(* Let $H,K$ be complex Hilbert spaces, fix $\lambda\in(0,1)$, and let $\Phi:\mathcal{B}(H)\to\mathcal{B}(K)$ be a bijective map satisfying $\Delta_\lambda(\Phi(A)\Phi(B))=\Phi(\Delta_\lambda(AB))$ for all $A,B\in\mathcal{B}(H)$. Let $h:\mathbb{C}\to\mathbb{C}$ be the function with $\Phi(\alpha I)=h(\alpha)I$ for all $\alpha\in\mathbb{C}$. Then for every $A\in\mathcal{B}(H)$ and all unit vectors $x\in H$, $y\in K$ with $\Phi(x\otimes x)=y\otimes y$, $$\langle\Phi(A)y,y\rangle=h(\langle Ax,x\rangle).$$
   Context: For vectors $x,y$, $x\otimes y$ denotes the operator $u\mapsto\langle u,y\rangle x$. For $T\in\mathcal{B}(H)$, $|T|=(T^*T)^{1/2}$ and $T=V|T|$ is the polar decomposition, where $V$ is the partial isometry with $\mathcal{N}(V)=\mathcal{N}(T)$ and $\mathcal{N}(V^* )=\mathcal{N}(T^* )$. For $\lambda\in[0,1]$, the $\lambda$-Aluthge transform of $T$ is $\Delta_\lambda(T)=|T|^\lambda V|T|^{1-\lambda}$, with powers defined by continuous functional calculus. For such $\Phi$ there always exists a function $h$ with $\Phi(\alpha I)=h(\alpha)I$ for all $\alpha$. No linearity or continuity of $\Phi$ is assumed. *)

theory Defs
  imports "HOL-Analysis.Analysis" "HOL-Computational_Algebra.Polynomial"
begin

text \<open>HOL-Analysis only has real inner product spaces, so we introduce complex
Hilbert spaces as a type class: a complete real normed vector space with a
complex scalar multiplication extending the real one and a complex inner product
(linear in the first argument) inducing the norm.\<close>

class complex_hilbert = real_normed_vector + complete_space +
  fixes scaleC :: "complex \<Rightarrow> 'a \<Rightarrow> 'a" (infixr \<open>*\<^sub>C\<close> 75)
    and cinner :: "'a \<Rightarrow> 'a \<Rightarrow> complex"
  assumes scaleC_add_right: "a *\<^sub>C (x + y) = a *\<^sub>C x + a *\<^sub>C y"
    and scaleC_add_left: "(a + b) *\<^sub>C x = a *\<^sub>C x + b *\<^sub>C x"
    and scaleC_scaleC: "a *\<^sub>C (b *\<^sub>C x) = (a * b) *\<^sub>C x"
    and scaleC_one: "1 *\<^sub>C x = x"
    and scaleR_scaleC: "scaleR r x = complex_of_real r *\<^sub>C x"
    and cinner_add_left: "cinner (x + y) z = cinner x z + cinner y z"
    and cinner_scaleC_left: "cinner (a *\<^sub>C x) y = a * cinner x y"
    and cinner_commute: "cinner y x = cnj (cinner x y)"
    and cinner_Re_nonneg: "0 \<le> Re (cinner x x)"
    and cinner_eq_zero_iff: "cinner x x = 0 \<longleftrightarrow> x = 0"
    and norm_eq_sqrt_cinner: "norm x = sqrt (Re (cinner x x))"

text \<open>Elements of B(H) are represented as bounded complex-linear functions.\<close>

definition bop :: "('a::complex_hilbert \<Rightarrow> 'a) \<Rightarrow> bool" where
  "bop T \<longleftrightarrow> bounded_linear T \<and> (\<forall>c x. T (c *\<^sub>C x) = c *\<^sub>C T x)"

definition idop :: "'a::complex_hilbert \<Rightarrow> 'a" where
  "idop = (\<lambda>x. x)"

definition rank1 :: "'a::complex_hilbert \<Rightarrow> 'a \<Rightarrow> 'a \<Rightarrow> 'a" where
  "rank1 x y = (\<lambda>u. cinner u y *\<^sub>C x)"

definition adj :: "('a::complex_hilbert \<Rightarrow> 'a) \<Rightarrow> ('a \<Rightarrow> 'a)" where
  "adj T = (THE S. bop S \<and> (\<forall>x y. cinner (T x) y = cinner x (S y)))"

definition ker :: "('a::complex_hilbert \<Rightarrow> 'a) \<Rightarrow> 'a set" where
  "ker T = {x. T x = 0}"

definition orth_compl :: "'a::complex_hilbert set \<Rightarrow> 'a set" where
  "orth_compl S = {x. \<forall>y\<in>S. cinner x y = 0}"

definition partial_isometry :: "('a::complex_hilbert \<Rightarrow> 'a) \<Rightarrow> bool" where
  "partial_isometry V \<longleftrightarrow> bop V \<and> (\<forall>x\<in>orth_compl (ker V). norm (V x) = norm x)"

definition positive_op :: "('a::complex_hilbert \<Rightarrow> 'a) \<Rightarrow> bool" where
  "positive_op P \<longleftrightarrow> bop P \<and> (\<forall>x. Im (cinner (P x) x) = 0 \<and> 0 \<le> Re (cinner (P x) x))"

definition poly_op :: "real poly \<Rightarrow> ('a::complex_hilbert \<Rightarrow> 'a) \<Rightarrow> 'a \<Rightarrow> 'a" where
  "poly_op p P = (\<lambda>x. \<Sum>i\<le>degree p. coeff p i *\<^sub>R (P ^^ i) x)"

text \<open>For a positive operator P (spectrum in [0, norm P]) and a > 0, the operator
P^a of the continuous functional calculus: the norm limit of p_n(P) for any
sequence of real polynomials p_n converging uniformly to t^a on [0, norm P].\<close>
definition op_powr :: "('a::complex_hilbert \<Rightarrow> 'a) \<Rightarrow> real \<Rightarrow> ('a \<Rightarrow> 'a)" where
  "op_powr P a = (THE Q. bop Q \<and>
     (\<forall>p :: nat \<Rightarrow> real poly.
        uniform_limit {0..onorm P} (\<lambda>n t. poly (p n) t) (\<lambda>t. t powr a) sequentially \<longrightarrow>
        ((\<lambda>n. onorm (\<lambda>x. poly_op (p n) P x - Q x)) \<longlonglongrightarrow> 0)))"

definition op_abs :: "('a::complex_hilbert \<Rightarrow> 'a) \<Rightarrow> ('a \<Rightarrow> 'a)" where
  "op_abs T = op_powr (adj T \<circ> T) (1/2)"

definition polar_part :: "('a::complex_hilbert \<Rightarrow> 'a) \<Rightarrow> ('a \<Rightarrow> 'a)" where
  "polar_part T = (THE V. partial_isometry V \<and> (\<forall>x. T x = V (op_abs T x)) \<and>
      ker V = ker T \<and> ker (adj V) = ker (adj T))"

definition aluthge :: "real \<Rightarrow> ('a::complex_hilbert \<Rightarrow> 'a) \<Rightarrow> ('a \<Rightarrow> 'a)" where
  "aluthge l T = op_powr (op_abs T) l \<circ> polar_part T \<circ> op_powr (op_abs T) (1 - l)"

end

theory Submission
  imports Defs
begin

text \<open>Everything reduces to rank-one operators. For a unit vector \<open>v\<close> one has
\<open>|w \<otimes> v| = \<parallel>w\<parallel> v \<otimes> v\<close>, the polar part of \<open>w \<otimes> v\<close> is \<open>(w/\<parallel>w\<parallel>) \<otimes> v\<close>, and the powers of
\<open>|w \<otimes> v|\<close> are again multiples of \<open>v \<otimes> v\<close>; hence \<open>\<Delta>\<^sub>\<lambda>(w \<otimes> v) = \<langle>w,v\<rangle> v \<otimes> v\<close>, and in
particular \<open>\<Delta>\<^sub>\<lambda>(A (x \<otimes> x)) = \<langle>Ax,x\<rangle> x \<otimes> x\<close>. With \<open>\<alpha> = \<langle>Ax,x\<rangle>\<close>, applying the hypothesis
to the pairs \<open>(A, x \<otimes> x)\<close> and \<open>(\<alpha>I, x \<otimes> x)\<close> computes \<open>\<Phi>(\<alpha> x \<otimes> x)\<close> in two ways,
as \<open>\<langle>\<Phi>(A)y,y\<rangle> y \<otimes> y\<close> and as \<open>h(\<alpha>) y \<otimes> y\<close>.\<close>

lemma cinner_add_right: "cinner x (y + z) = cinner x y + cinner (x::'a::complex_hilbert) z"
  by (metis cinner_add_left cinner_commute complex_cnj_add)

lemma cinner_scaleC_right: "cinner x (a *\<^sub>C y) = cnj a * cinner (x::'a::complex_hilbert) y"
  by (metis cinner_commute cinner_scaleC_left complex_cnj_mult)

lemma scaleC_zero_left [simp]: "0 *\<^sub>C (x::'a::complex_hilbert) = 0"
  by (metis add_cancel_right_right add_0 scaleC_add_left)

lemma scaleC_zero_right [simp]: "a *\<^sub>C (0::'a::complex_hilbert) = 0"
  by (metis add_cancel_right_right add_0 scaleC_add_right)

lemma cinner_zero_left [simp]: "cinner 0 (x::'a::complex_hilbert) = 0"
  by (metis cinner_scaleC_left mult_zero_left scaleC_zero_left)

lemma cinner_zero_right [simp]: "cinner (x::'a::complex_hilbert) 0 = 0"
  by (metis cinner_commute cinner_zero_left complex_cnj_zero)

lemma minus_eq_scaleC: "- (x::'a::complex_hilbert) = (-1) *\<^sub>C x"
proof -
  have "- x = scaleR (-1) x" by simp
  also have "\<dots> = complex_of_real (-1) *\<^sub>C x" by (rule scaleR_scaleC)
  finally show ?thesis by simp
qed
lemma psubst_cong_fv:
  "\<lbrakk>\<forall>i\<in>fv_lam t. s i = s' i; \<forall>a\<in>fv_mu t. f a = f' a \<and> p a = p' a\<rbrakk> \<Longrightarrow>
     psubst s f p t = psubst s' f' p' t"
proof (induction t arbitrary: s f p s' f' p')
  case (Lam t)
  have "\<forall>i\<in>fv_lam t. shift_lsub s i = shift_lsub s' i"
    using Lam.prems(1) by (auto simp: shift_lsub_def split: nat.split)
  then show ?case using Lam by simp
next
  case (Mu t)
  have "\<forall>a\<in>fv_mu t. shift_ren f a = shift_ren f' a \<and> shift_stacks p a = shift_stacks p' a"
    using Mu.prems(2) by (auto simp: shift_ren_def shift_stacks_def split: nat.split)
  then show ?case using Mu by simp
next
  case (Nam a t)
  then have "psubst s f p t = psubst s' f' p' t" by simp
  with Nam.prems show ?case by simp
qed simp_all

lemma rename_Suc_fresh:
  "a \<notin> fv_mu v \<Longrightarrow> rename (\<lambda>i. i) (\<lambda>b. if b = a then 0 else Suc b) v = rename (\<lambda>i. i) Suc v"
  by (rule rename_cong_fv) auto

lemma mu_bind_psubst_fresh:
  assumes "\<forall>i\<in>fv_lam t. a \<notin> fv_mu (s i)"
    and "\<forall>c. Suc c \<in> fv_mu t \<longrightarrow> f c \<noteq> a \<and> (\<forall>v\<in>set (p c). a \<notin> fv_mu v)"
    and "\<forall>v\<in>set pi. a \<notin> fv_mu v"
  shows "mu_bind a 0 (psubst s (case_nat a f) (case_nat pi p) t) =
    psubst (\<lambda>i. rename (\<lambda>i. i) Suc (s i)) (shift_ren f)
      (\<lambda>b. map (rename (\<lambda>i. i) Suc) (case_nat pi p b)) t"
  unfolding mu_bind_0 rename_psubst
proof (rule psubst_cong_fv)
  show "\<forall>i\<in>fv_lam t. rename (\<lambda>i. i) (\<lambda>b. if b = a then 0 else Suc b) (s i) = rename (\<lambda>i. i) Suc (s i)"
    using assms(1) by (simp add: rename_Suc_fresh)
  show "\<forall>b\<in>fv_mu t. (if case_nat a f b = a then 0 else Suc (case_nat a f b)) = shift_ren f b \<and>
      map (rename (\<lambda>i. i) (\<lambda>b. if b = a then 0 else Suc b)) (case_nat pi p b) =
      map (rename (\<lambda>i. i) Suc) (case_nat pi p b)"
  proof
    fix b assume "b \<in> fv_mu t"
    then show "(if case_nat a f b = a then 0 else Suc (case_nat a f b)) = shift_ren f b \<and>
      map (rename (\<lambda>i. i) (\<lambda>b. if b = a then 0 else Suc b)) (case_nat pi p b) =
      map (rename (\<lambda>i. i) Suc) (case_nat pi p b)"
      using assms(2,3) by (cases b) (auto simp: rename_Suc_fresh)
  qed
qed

■ ■ ■

Work instructions = Within these records, how many lines include the word "circ"? The reply should be that number alone.

Answer space = 2